# Description of the task
Your answer needs to include each line of the records in which the string "this" can be found.

Stored items
lemma braket_coherent_prod_op:
  "braket (coherent z) (prod_op lam r n (coherent z)) = complex_of_real (phi lam r n ((cmod z)\<^sup>2))"
proof -
  have "(\<lambda>m. \<Sum>k\<le>n * r. complex_of_real (S_lam lam r n k) * (cnj (coherent z m) * normal_op k (coherent z) m))
        sums (\<Sum>k\<le>n * r. complex_of_real (S_lam lam r n k) * complex_of_real (((cmod z)\<^sup>2) ^ k))"
    by (intro sums_sum sums_mult coherent_normal_op_sums)
  then show ?thesis
    unfolding braket_def phi_def
    by (simp add: prod_op_normal_ordering sum_distrib_left mult.left_commute sums_iff)
qed

theorem theorem6:
  fixes lam :: real and r n :: nat and z :: complex
  assumes "r \<ge> 1" and "n \<ge> 1"
  shows "complex_of_real (phi lam r n ((cmod z)\<^sup>2))
           = braket (coherent z) (prod_op lam r n (coherent z))
       \<and> braket (coherent z) (prod_op lam r n (coherent z))
           = complex_of_real (\<Sum>p\<le>n * r. \<Sum>k=p..n * r.
                 (-1) ^ (k - p) / fact k * real (k choose p)
                 * gfact (ffact (real p) r) n lam * ((cmod z)\<^sup>2) ^ k)
       \<and> (cmod z = 1 \<longrightarrow>
            complex_of_real (phi lam r n 1)
              = braket (coherent z) (prod_op lam r n (coherent z))
          \<and> braket (coherent z) (prod_op lam r n (coherent z))
              = complex_of_real (\<Sum>p\<le>n * r. \<Sum>k=p..n * r.
                 (-1) ^ (k - p) / fact k * real (k choose p)
                 * gfact (ffact (real p) r) n lam))"
  unfolding braket_coherent_prod_op phi_eq_newton_sum by simp

end
(* Let $k\ge1$, $G=(V,E)$ an inductively $k$-independent graph with $k$-independence ordering $v_1,\dots,v_n$, $f:2^V\to\mathbb{R}_{\ge0}$ monotone submodular with $f(\emptyset)=0$, and $\beta>0$. The algorithm PREEMPTIVE-GREEDY (described in the context) with parameter $\beta$ returns an independent set $S_{\mathrm{out}}$ of $G$ such that for every independent set $T$ of $G$, \[ f(T)\le\big(k(1+\beta)+1\big)\big(1+\beta^{-1}\big)\,f(S_{\mathrm{out}}). \]
   Context: $N(v)$ is the neighbourhood of $v$ (excluding $v$); $G$ is inductively $k$-independent with $k$-independence ordering $v_1,\dots,v_n$ if for every $i$, $G[N(v_i)\cap\{v_i,\dots,v_n\}]$ has no independent set of size more than $k$. Order $V$ by $v_1<v_2<\dots<v_n$. For $S\subseteq V$ and $v\in V$, $f_S(v)=f(S\cup\{v\})-f(S)$, and the incremental value of $u$ in $S$ is $\nu_f(S,u)=f_{S'}(u)$ where $S'=\{s\in S:s<u\}$. Algorithm PREEMPTIVE-GREEDY (parameter $\beta>0$): start with $S=\emptyset$; for $i=1,\dots,n$: let $C_i=N(v_i)\cap S$; if $f_S(v_i)\ge(1+\beta)\sum_{u\in C_i}\nu_f(S,u)$, replace $S$ by $(S\setminus C_i)\cup\{v_i\}$. Return the final $S$ as $S_{\mathrm{out}}$. *)

theory Defs
  imports Complex_Main
begin

definition simple_graph :: "'a set \<Rightarrow> ('a \<Rightarrow> 'a \<Rightarrow> bool) \<Rightarrow> bool" where
  "simple_graph V E \<longleftrightarrow> finite V \<and> (\<forall>u v. E u v \<longrightarrow> u \<in> V \<and> v \<in> V) \<and>
     (\<forall>u v. E u v \<longrightarrow> E v u) \<and> (\<forall>v. \<not> E v v)"

definition nbr :: "('a \<Rightarrow> 'a \<Rightarrow> bool) \<Rightarrow> 'a \<Rightarrow> 'a set" where
  "nbr E v = {u. E v u \<and> u \<noteq> v}"

definition independent :: "('a \<Rightarrow> 'a \<Rightarrow> bool) \<Rightarrow> 'a set \<Rightarrow> bool" where
  "independent E A \<longleftrightarrow> (\<forall>x\<in>A. \<forall>y\<in>A. \<not> E x y)"

definition independent_set :: "'a set \<Rightarrow> ('a \<Rightarrow> 'a \<Rightarrow> bool) \<Rightarrow> 'a set \<Rightarrow> bool" where
  "independent_set V E A \<longleftrightarrow> A \<subseteq> V \<and> independent E A"

definition k_independence_ordering ::
  "nat \<Rightarrow> 'a set \<Rightarrow> ('a \<Rightarrow> 'a \<Rightarrow> bool) \<Rightarrow> 'a list \<Rightarrow> bool" where
  "k_independence_ordering k V E vs \<longleftrightarrow> distinct vs \<and> set vs = V \<and>
     (\<forall>i < length vs. \<forall>I. I \<subseteq> nbr E (vs ! i) \<inter> set (drop i vs) \<and> independent E I
         \<longrightarrow> card I \<le> k)"

definition inductively_k_independent :: "nat \<Rightarrow> 'a set \<Rightarrow> ('a \<Rightarrow> 'a \<Rightarrow> bool) \<Rightarrow> bool" where
  "inductively_k_independent k V E \<longleftrightarrow> (\<exists>vs. k_independence_ordering k V E vs)"

definition monotone_submodular :: "'a set \<Rightarrow> ('a set \<Rightarrow> real) \<Rightarrow> bool" where
  "monotone_submodular V f \<longleftrightarrow>
     (\<forall>A. A \<subseteq> V \<longrightarrow> f A \<ge> 0) \<and>
     (\<forall>A B. A \<subseteq> B \<and> B \<subseteq> V \<longrightarrow> f A \<le> f B) \<and>
     (\<forall>A B. A \<subseteq> V \<and> B \<subseteq> V \<longrightarrow> f (A \<union> B) + f (A \<inter> B) \<le> f A + f B)"
lemma bform_axis_projection_residual:
  fixes A :: "real^'n::finite^'n"
  assumes A: "pos_def_sym A" and p: "form_projection A X (axis i 1) p" and l: "l \<in> insert i X"
  shows "bform A (axis l 1) (axis i 1 - p) = (if l = i then form_sqdist A (axis i 1) X else 0)"
proof -
  have p_supp: "p \<in> supported_on X" and orth: "\<And>w. w \<in> supported_on X \<Longrightarrow> bform A w (axis i 1 - p) = 0"
    using p by (auto simp: form_projection_def)
  show ?thesis
  proof (cases "l = i")
    case True
    have "bform A (axis i 1) (axis i 1 - p) = qform A (axis i 1 - p) + bform A p (axis i 1 - p)"
      by (metis bform_add_left diff_add_cancel)
    then show ?thesis
      using True orth[OF p_supp] form_sqdist_eq_projection[OF A p] by simp
  next
    case False
    with l have "axis l 1 \<in> supported_on X"
      by (simp add: axis_in_supported_on)
    then show ?thesis
      using False orth by simp
  qed
qed

text \<open>Subtracting from row \<open>i\<close> the rows indexed by \<open>X\<close>, weighted by the projection \<open>p\<close> of \<open>e\<^sub>i\<close>,
  leaves the row of \<open>A (e\<^sub>i - p)\<close>, which the orthogonality of the residual reduces to a multiple
  of \<open>e\<^sub>i\<close>: this is the Schur complement formula.\<close>
lemma principal_padding_row_elimination:
  fixes A :: "real^'n::finite^'n"
  assumes A: "pos_def_sym A" and p: "form_projection A X (axis i 1) p" and i: "i \<notin> X"
  defines "M \<equiv> principal_padding A (insert i X)"
  shows "row i M - (\<Sum>k\<in>X. p $ k *s row k M) = form_sqdist A (axis i 1) X *s axis i 1"
proof (rule vec_eq_iff[THEN iffD2, rule_format])
  fix l
  have "(row i M - (\<Sum>k\<in>X. p $ k *s row k M)) $ l = M $ i $ l - (\<Sum>k\<in>X. p $ k * M $ k $ l)"
    by (simp add: row_def sum_component)
  also have "\<dots> = (form_sqdist A (axis i 1) X *s axis i 1) $ l"
  proof (cases "l \<in> insert i X")
    case True
    then have "M $ i $ l = A $ i $ l" and "(\<Sum>k\<in>X. p $ k * M $ k $ l) = (\<Sum>k\<in>X. p $ k * A $ k $ l)"
      by (auto simp: M_def principal_padding_def intro!: sum.cong)
    moreover have "p \<in> supported_on X"
      using p by (simp add: form_projection_def)
    ultimately show ?thesis
      using bform_axis_residual[OF A, of p X l i] bform_axis_projection_residual[OF A p True]
      by (simp add: axis_def)
  next
    case False
    then have "M $ i $ l = 0" and "(\<Sum>k\<in>X. p $ k * M $ k $ l) = 0"
      by (auto simp: M_def principal_padding_def intro!: sum.neutral)
    then show ?thesis
      using False by (simp add: axis_def)
  qed
  finally show "(row i M - (\<Sum>k\<in>X. p $ k *s row k M)) $ l =
      (form_sqdist A (axis i 1) X *s axis i 1) $ l" .
qed
lemma det_nat_Schur:
  fixes A :: "nat \<Rightarrow> nat \<Rightarrow> real"
  assumes pivot: "A 0 0 \<noteq> 0"
  shows "det_nat (Suc m) A =
    A 0 0 * det_nat m (\<lambda>i j. A (Suc i) (Suc j) - A (Suc i) 0 * A 0 (Suc j) / A 0 0)"
proof -
  define M where "M = mat (Suc m) (Suc m) (\<lambda>(i, j). A i j)"
  define E :: "real mat" where "E = mat (Suc m) (Suc m)
    (\<lambda>(i, j). if i = j then 1 else if j = 0 then - A i 0 / A 0 0 else 0)"
  define M' where "M' = mat (Suc m) (Suc m)
    (\<lambda>(i, j). if i = 0 then A 0 j else A i j - A i 0 * A 0 j / A 0 0)"
  have "E * M = M'"
  proof (rule eq_matI)
    fix i j assume "i < dim_row M'" and "j < dim_col M'"
    then have i: "i < Suc m" and j: "j < Suc m" by (auto simp: M'_def)
    have "(E * M) $$ (i, j) = (\<Sum>k<Suc m. E $$ (i, k) * M $$ (k, j))"
      using i j by (simp add: E_def M_def scalar_prod_def atLeast0LessThan)
    also have "\<dots> = (\<Sum>k<Suc m. (if k = i then A i j else 0)
        + (if k = 0 \<and> i \<noteq> 0 then - A i 0 / A 0 0 * A 0 j else 0))"
      using i j by (intro sum.cong) (auto simp: E_def M_def)
    also have "\<dots> = M' $$ (i, j)"
      using i j by (simp add: sum.distrib M'_def)
    finally show "(E * M) $$ (i, j) = M' $$ (i, j)" .
  qed (auto simp: E_def M_def M'_def)
  moreover have "Determinant.det E = 1"
  proof -
    have "Determinant.det E = prod_list (diag_mat E)"
      by (rule det_lower_triangular[of "Suc m"]) (auto simp: E_def)
    also have "diag_mat E = map (\<lambda>_. 1) [0..<Suc m]"
      by (auto simp: diag_mat_def E_def)
    finally show ?thesis by (simp add: map_replicate_const)
  qed
  ultimately have "det_nat (Suc m) A = Determinant.det M'"
    using det_mult[of E "Suc m" M] by (simp add: det_nat_eq_det E_def M_def)
  also have "\<dots> = (\<Sum>i<Suc m. M' $$ (i, 0) * cofactor M' i 0)"
    by (rule laplace_expansion_column) (auto simp: M'_def)
  also have "\<dots> = M' $$ (0, 0) * cofactor M' 0 0"
    using pivot by (subst sum.lessThan_Suc_shift) (simp add: M'_def)
  also have "cofactor M' 0 0 =
      det_nat m (\<lambda>i j. A (Suc i) (Suc j) - A (Suc i) 0 * A 0 (Suc j) / A 0 0)"
    unfolding cofactor_def det_nat_eq_det
    by (auto intro!: arg_cong[where f = Determinant.det] simp: mat_delete_def M'_def insert_index_def)
  finally show ?thesis by (simp add: M'_def)
qed

definition quad_form :: "nat \<Rightarrow> (nat \<Rightarrow> nat \<Rightarrow> real) \<Rightarrow> (nat \<Rightarrow> real) \<Rightarrow> real" where
  "quad_form m A c = (\<Sum>i<m. \<Sum>j<m. c i * A i j * c j)"

lemma quad_form_unit_vector:
  assumes "k < m"
  shows "quad_form m A (\<lambda>i. if i = k then 1 else 0) = A k k"
proof -
  have "(\<Sum>j<m. (if i = k then 1 else 0) * A i j * (if j = k then 1 else 0))
      = (\<Sum>j<m. if j = k then (if i = k then A i k else 0) else 0)" for i
    by (intro sum.cong) auto
  then show ?thesis using assms by (simp add: quad_form_def sum.delta')
qed
lemma subdiv_dist_from_Inr [simp]:
  "subdiv_dist_from V E w (Inr {p, q}) = Suc (2 * min (dist V E w p) (dist V E w q))"
  by (simp add: subdiv_dist_from_def)

lemma subdiv_dist_from_edge_le:
  assumes "graph V E" "connected V E" "w \<in> V" "{s, t} \<in> subdiv_E V E"
  shows "subdiv_dist_from V E w s \<le> Suc (subdiv_dist_from V E w t)"
proof -
  obtain z e where "e \<in> E" "z \<in> e" and st: "s = Inl z \<and> t = Inr e \<or> s = Inr e \<and> t = Inl z"
    using assms(4) unfolding subdiv_edge_iff by blast
  then obtain z' where e: "e = {z, z'}" "z \<in> V" "z' \<in> V"
    using graph_edge_other_end[OF assms(1)] by blast
  have "dist V E w z \<le> Suc (dist V E w z')" "dist V E w z' \<le> Suc (dist V E w z)"
    using dist_edge_le[OF assms(2,3)] e \<open>e \<in> E\<close> by (auto simp: insert_commute)
  then show ?thesis
    using st e by auto
qed

lemma has_walk_subdiv_dist_from:
  assumes "graph V E" "connected V E" "w \<in> V" "t \<in> subdiv_V V E"
  shows "has_walk (subdiv_V V E) (subdiv_E V E) (Inl w) t (subdiv_dist_from V E w t)"
proof (cases t)
  case (Inl z)
  then have "z \<in> V"
    using assms(4) by (auto simp: subdiv_V_def)
  with Inl show ?thesis
    using has_walk_subdiv_Inl[OF connected_has_walk_dist[OF assms(2,3)]] by simp
next
  case (Inr e)
  then have "e \<in> E"
    using assms(4) by (auto simp: subdiv_V_def)
  then obtain p q where e: "e = {p, q}" "p \<in> V" "q \<in> V"
    using assms(1) unfolding graph_def by blast
  obtain z where z: "z \<in> e" "dist V E w z = min (dist V E w p) (dist V E w q)"
    using e(1) by (cases "dist V E w p \<le> dist V E w q") auto
  have "z \<in> V"
    using z(1) e by auto
  have "has_walk (subdiv_V V E) (subdiv_E V E) (Inl w) (Inl z) (2 * dist V E w z)"
    using connected_has_walk_dist[OF assms(2,3) \<open>z \<in> V\<close>] by (rule has_walk_subdiv_Inl)
  from has_walk_trans[OF this has_walk_subdiv_edge[OF \<open>e \<in> E\<close> z(1) \<open>z \<in> V\<close>]]
  show ?thesis
    using Inr e(1) z(2) by simp
qed

lemma dist_subdiv_Inl:
  assumes "graph V E" "connected V E" "w \<in> V" "t \<in> subdiv_V V E"
  shows "dist (subdiv_V V E) (subdiv_E V E) (Inl w) t = subdiv_dist_from V E w t"
  using has_walk_subdiv_dist_from[OF assms] subdiv_dist_from_edge_le[OF assms(1-3)] assms(3)
  by (intro dist_eq_potential) (simp_all add: dist_self)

# Task answer
  of \<open>e\<^sub>i\<close>: this is the Schur complement formula.\<close>
  from has_walk_trans[OF this has_walk_subdiv_edge[OF \<open>e \<in> E\<close> z(1) \<open>z \<in> V\<close>]]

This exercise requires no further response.